Polo: The Runaway Book
The chase is on when Polo's book is stolen by a small alien. Polo, an engaging hound, pulls an amazing assortment of aids from his backpack, all leading to a satisfying conclusion. Colorful art placed in comic strip format is supported on large pages in Polo's second adventure.
Sardine in Outer Space
Red-headed and tiny, Sardine is a space pirate who takes off on adventures with her pirate uncle and their friend in a spaceship named Huckleberry. Their madcap adventures are fast–paced and punchy, with grotesque details to appeal to a younger crowd, and sophisticated cultural references and puns that will appeal to older readers. The story is told in a graphic novel format.
Hopper’s new school, Stately Academy, is more creepy than scholarly as the 12-year-old girl soon learns. But with her new friends, they discover the school’s secrets and address them through computer coding. The adventures of this multicultural cast of kids continue in Paths and Portals as the series goes on.

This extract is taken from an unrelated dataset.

(* Assume $E$ is countable. For every family $(\gamma_x)_{x\in S}$ where each $\gamma_x$ is a proper oriented kernel on the time box $\{x\}$, there exists a unique POS $\gamma=(\gamma_\Delta)_{\Delta\in\mathcal T_b}$ such that $\gamma_{\{x\}}=\gamma_x$ for all $x\in S$. Moreover $$\mathcal G(\gamma)=\bigl\{\mu\text{ probability measure on }(\Omega,\mathcal F):\ \mu\gamma_x=\mu\text{ on }\mathcal F_{S\setminus x_+}\text{ for all }x\in S\bigr\}.$$
   Context: $(S,\le)$ is a countable partially ordered set. For $x\in S$ write $x_-=\{y\in S:y<x\}$, $x_+=\{y\in S:y>x\}$. For $\Upsilon\subset S$: $\max(\Upsilon)=\{x\in\Upsilon: y\notin\Upsilon\text{ for all }y>x\}$, $\min(\Upsilon)=\{x\in\Upsilon: y\notin\Upsilon\text{ for all }y<x\}$, the past $\Upsilon_-=\{x\in S\setminus\Upsilon:\exists y\in\Upsilon,\ x<y\}$, the future $\Upsilon_+=\{x\in S\setminus\Upsilon:\exists y\in\Upsilon,\ x>y\}$, and the outer time $\Upsilon^*=\{x\in S: x\text{ is comparable with no }y\in\Upsilon\}$. Standing assumptions: for every $x\in S$, $\max(x_-)$ and $\min(x_+)$ are finite, every $y<x$ satisfies $y\le y_0<x$ for some $y_0\in\max(x_-)$, every $z>x$ satisfies $z\ge z_0>x$ for some $z_0\in\min(x_+)$; and $S$ has no minimal element. A finite set $\Lambda\subset S$ is a time box if $\Lambda_-\cap\Lambda_+=\emptyset$; $\mathcal T_b$ denotes the set of time boxes (every singleton is one). $(E,\mathcal E)$ is a measurable space (colors), $\Omega=E^S$ with the product $\sigma$-algebra $\mathcal F$; for $\Upsilon\subset S$, $\mathcal F_\Upsilon$ is the $\sigma$-algebra generated by the coordinates in $\Upsilon$. A proper oriented kernel on $\Lambda\in\mathcal T_b$ is a map $\gamma_\Lambda:\mathcal F_{S\setminus\Lambda_+}\times\Omega\to[0,1]$ such that (a) $\gamma_\Lambda(\cdot,\omega)$ is a probability measure for each $\omega$; (b) $\gamma_\Lambda(A,\cdot)$ is $\mathcal F_{\Lambda_-\cup\Lambda^*}$-measurable for each $A\in\mathcal F_{S\setminus\Lambda_+}$; (c) $\gamma_\Lambda(A,\cdot)$ is $\mathcal F_{\Lambda_-}$-measurable for each $A\in\mathcal F_\Lambda$; (d) $\gamma_\Lambda(B,\omega)=\mathbf 1_B(\omega)$ for all $B\in\mathcal F_{\Lambda_-\cup\Lambda^*}$. Write $\gamma_\Lambda(f\mid\omega)=\int f(\xi)\,\gamma_\Lambda(d\xi,\omega)$; compositions: $(\gamma_\Delta\gamma_\Lambda)(f\mid\omega)=\int\gamma_\Lambda(f\mid\sigma)\,\gamma_\Delta(d\sigma,\omega)$ and $(\mu\gamma_\Lambda)(f)=\int\gamma_\Lambda(f\mid\sigma)\,\mu(d\sigma)$. A partially oriented specification (POS) is a family $\gamma=(\gamma_\Lambda)_{\Lambda\in\mathcal T_b}$ of proper oriented kernels with $\gamma_\Delta\gamma_\Lambda=\gamma_\Delta$ on $\mathcal F_{S\setminus\Lambda_+}$ (for all bounded $\mathcal F_{S\setminus\Lambda_+}$-measurable $h$ and all $\omega$) whenever $\Lambda\subset\Delta$ are time boxes. A probability measure $\mu$ on $(\Omega,\mathcal F)$ is consistent with $\gamma$ if $\mu\gamma_\Lambda=\mu$ on $\mathcal F_{S\setminus\Lambda_+}$ for all $\Lambda\in\mathcal T_b$; $\mathcal G(\gamma)$ is the set of consistent measures. *)

theory Defs
  imports "HOL-Probability.Probability"
begin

Sixth-grader Raina falls and severely damages her two front teeth. Through middle school and into high school, she struggles with peer relationships, discovering her own strengths while enduring painful orthodontia. The concluding pages reveal a self-assured high school student who can indeed smile. Full-color comic panels perfectly capture young adolescence.
Squish: The Power of the Parasite
School's out! Everyone's favorite amoeba is headed to summer camp! Squish's summer is turning out to be terrifying! For one thing, Squish can't swim. And to make matters worse, his new camp friend is a Hydra (scientific fact: A hydra's tentacles can paralyze you!). Will Squish sink or will he swim this summer?

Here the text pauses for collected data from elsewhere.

lemma top_roots_eq_kernel_snd: "top_X R' (rd_Phi R') = kernel XB (rd_X T) snd"
proof -
  have gen_snd: "generate XB (rd_Phi R') \<subseteq> kernel XB (rd_X T) snd"
    by (rule group_hom.generate_subset_kernel[OF snd_hom]) (auto simp: central_prod_Phi root_in_B)
  have "b \<in> top_X R' (rd_Phi R') \<longleftrightarrow> snd b = \<one>\<^bsub>rd_X T\<^esub>" if b: "b \<in> B" for b
  proof
    assume "b \<in> top_X R' (rd_Phi R')"
    then obtain n :: nat where "n > 0" "b [^]\<^bsub>XB\<^esub> n \<in> generate XB (rd_Phi R')"
      by (auto simp: top_X_def central_prod_X)
    moreover from this have "snd (b [^]\<^bsub>XB\<^esub> n) = \<one>\<^bsub>rd_X T\<^esub>"
      using gen_snd by (auto simp: kernel_def)
    then have "snd b [^]\<^bsub>rd_X T\<^esub> n = \<one>\<^bsub>rd_X T\<^esub>"
      using group_hom.hom_nat_pow[OF snd_hom] b by simp
    ultimately show "snd b = \<one>\<^bsub>rd_X T\<^esub>"
      using T.nat_pow_eq_one_imp_eq_one b by (blast dest: B_D)
  next
    assume snd_b: "snd b = \<one>\<^bsub>rd_X T\<^esub>"
    obtain n :: nat where n: "n > 0" "fst b [^]\<^bsub>rd_X R\<^esub> n \<in> generate (rd_X R) (rd_Phi R)"
      using R.semisimple b B_D unfolding semisimple_def top_X_def by blast
    have "fst ` rd_Phi R' = rd_Phi R"
      by (force simp: central_prod_Phi)
    then obtain c where c: "c \<in> generate XB (rd_Phi R')" "fst c = fst b [^]\<^bsub>rd_X R\<^esub> n"
      using n(2) group_hom.generate_img[OF fst_hom] roots_B by (metis XB_carrier imageE)
    have "snd c = \<one>\<^bsub>rd_X T\<^esub>"
      using c(1) gen_snd by (auto simp: kernel_def)
    then have "c = b [^]\<^bsub>XB\<^esub> n"
      using c(2) snd_b b group_hom.hom_nat_pow[OF fst_hom] group_hom.hom_nat_pow[OF snd_hom]
      by (simp add: prod_eq_iff)
    with c(1) n(1) show "b \<in> top_X R' (rd_Phi R')"
      using b by (auto simp: top_X_def central_prod_X)
  qed
  then show ?thesis
    by (auto simp: kernel_def top_X_def central_prod_X)
qed


lemma kernel_h1_fst: "kernel XB A (h1 \<circ> fst) = kernel XB (rd_X T) snd <#>\<^bsub>XB\<^esub> kernel XB (rd_X R) fst"
proof (intro equalityI subsetI)
  fix b assume "b \<in> kernel XB A (h1 \<circ> fst)"
  then obtain x t where b: "b = (x, t)" "(x, t) \<in> B" "h1 x = \<one>\<^bsub>A\<^esub>"
    by (cases b) (auto simp: kernel_def)
  then have "(x, \<one>\<^bsub>rd_X T\<^esub>) \<in> kernel XB (rd_X T) snd" "(\<one>\<^bsub>rd_X R\<^esub>, t) \<in> kernel XB (rd_X R) fst"
    by (auto simp: kernel_def B_iff)
  moreover have "b = (x, \<one>\<^bsub>rd_X T\<^esub>) \<otimes>\<^bsub>XB\<^esub> (\<one>\<^bsub>rd_X R\<^esub>, t)"
    using b by (simp add: B_iff)
  ultimately show "b \<in> kernel XB (rd_X T) snd <#>\<^bsub>XB\<^esub> kernel XB (rd_X R) fst"
    unfolding set_mult_def by blast
next
  fix b assume "b \<in> kernel XB (rd_X T) snd <#>\<^bsub>XB\<^esub> kernel XB (rd_X R) fst"
  then obtain u v where u: "u \<in> B" "snd u = \<one>\<^bsub>rd_X T\<^esub>" and v: "v \<in> B" "fst v = \<one>\<^bsub>rd_X R\<^esub>"
    and b: "b = u \<otimes>\<^bsub>XB\<^esub> v"
    unfolding set_mult_def kernel_def by auto
  have "b \<in> B"
    using subgroup.m_closed[OF subgroup_B u(1) v(1)] b by (simp add: mult_DirProd')
  moreover have "h1 (fst b) = \<one>\<^bsub>A\<^esub>"
    using b u v B_D[OF u(1)] by simp
  ultimately show "b \<in> kernel XB A (h1 \<circ> fst)" by (simp add: kernel_def)
qed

When a new kid comes to his swamp, a small monster does everything he can to get rid of him. Instead, the young monster learns a thing or so about friendship. An easy-to-follow comic book format combined with recognizable concerns makes this ideal for emerging readers or for one-on-one sharing.
The Adventures of Polo
The rollicking adventures of Polo, a bright and resourceful pup, are told through lively, detailed pictures that warrant multiple examinations. Quick–paced and engaging, Polo brings all the right supplies for exploring the wider world by boat, plane and spaceship!
The Baby-Sitter's Club: Kristy's Great Idea — A Graphic Novel
This popular series has been trimmed and translated into a new format. With middle school girls as protagonists, the visual storytelling amplifies characters and clarifies difficult concepts to make it appropriate for younger readers. Tough topics like stepfamilies and medical problems are discussed with sensitivity (and sometimes humor) through the context of the girls' friendship.
The Mighty 12: Superheroes of Greek Myth
Greek gods and goddesses are the stuff of contemporary superheroes. Dramatic full-color, exaggerated comic book illustrations are used to present a dozen of the ancient heroes, sure to thrill contemporary, more experienced readers.